With the change in the real estate market, becoming a home owner is more realistic than its ever been. With the recent decrease that The Federal Housing Administration (FHA) have applied, fees have dropped 0.5% and down payment options seem more sensible.
Along with lower interest rates, the real estate industry has become a buyers market. Here are some tips to help you determine if a low down payment mortgage is right for you.
The FHA is in charge of insuring loans for the lender, not you. However, this affects you as a whole because when the lender can save money, so will you. Mortgage insurance is not rolled into your loan payment, it is an additional fee. This fee will go up and down, and is mandated by federal regulations. It is a safety net to ensure there is plenty of money to care for defaulted loans.

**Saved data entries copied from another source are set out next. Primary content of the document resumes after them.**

lemma level_set_eq_vimage:
  "level_set k t = window k 0 -` {z \<in> space (PiM {..0} (\<lambda>_. borel)). t \<le> z 0}"
  "- level_set k t = window k 0 -` {z \<in> space (PiM {..0} (\<lambda>_. borel)). z 0 < t}"
proof -
  have "window k 0 \<omega> \<in> space (PiM {..0} (\<lambda>_. borel :: real measure))" "window k 0 \<omega> 0 = Y (Suc k) \<omega>"
    for \<omega> by (simp_all add: window_def space_PiM)
  then show "level_set k t = window k 0 -` {z \<in> space (PiM {..0} (\<lambda>_. borel)). t \<le> z 0}"
    "- level_set k t = window k 0 -` {z \<in> space (PiM {..0} (\<lambda>_. borel)). z 0 < t}"
    unfolding level_set_def vimage_def by (simp_all add: not_le set_eq_iff)
qed

lemma level_set_set_in_sets:
  "{z \<in> space (PiM {..0} (\<lambda>_. borel)). t \<le> z 0} \<in> sets (PiM {..0::nat} (\<lambda>_. borel :: real measure))"
  "{z \<in> space (PiM {..0} (\<lambda>_. borel)). z 0 < t} \<in> sets (PiM {..0::nat} (\<lambda>_. borel :: real measure))"
proof -
  have "(\<lambda>z. z 0) \<in> borel_measurable (PiM {..0::nat} (\<lambda>_. borel :: real measure))"
    by (rule measurable_PiM_coordinate)
  then show "{z \<in> space (PiM {..0} (\<lambda>_. borel)). t \<le> z 0} \<in> sets (PiM {..0::nat} (\<lambda>_. borel :: real measure))"
    "{z \<in> space (PiM {..0} (\<lambda>_. borel)). z 0 < t} \<in> sets (PiM {..0::nat} (\<lambda>_. borel :: real measure))"
    by measurable
qed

There was a spike in the FHA fee rate when individuals became less reliable in 2008. Since then, funding has become stabilized and rates were cut. The housing market has rebounded, and these rates are becoming more and more reasonable.
There are other options to obtaining a low down payment, besides FHA. Fannie and Freddie have both presented an option that is a rate of 3%. With these types of loans you do not have the FHA mortgage insurance, but rather a private mortgage insurance. You end up paying this type of insurance off in as little as two years. Plus, the mortgage insurance could become a tax deductible.
With the FHA option you will have a 3.5% down payment, while PMI only requires a 3%. You will be required to pay 1.75 percent of the loan total upfront with an FHA loan. This still works out to be $66 less a month when compared to PMI. However, if you flip to a 5% down payment with PMI, that will decrease the rate to 1.05% and the monthly payment for PMI is cheaper.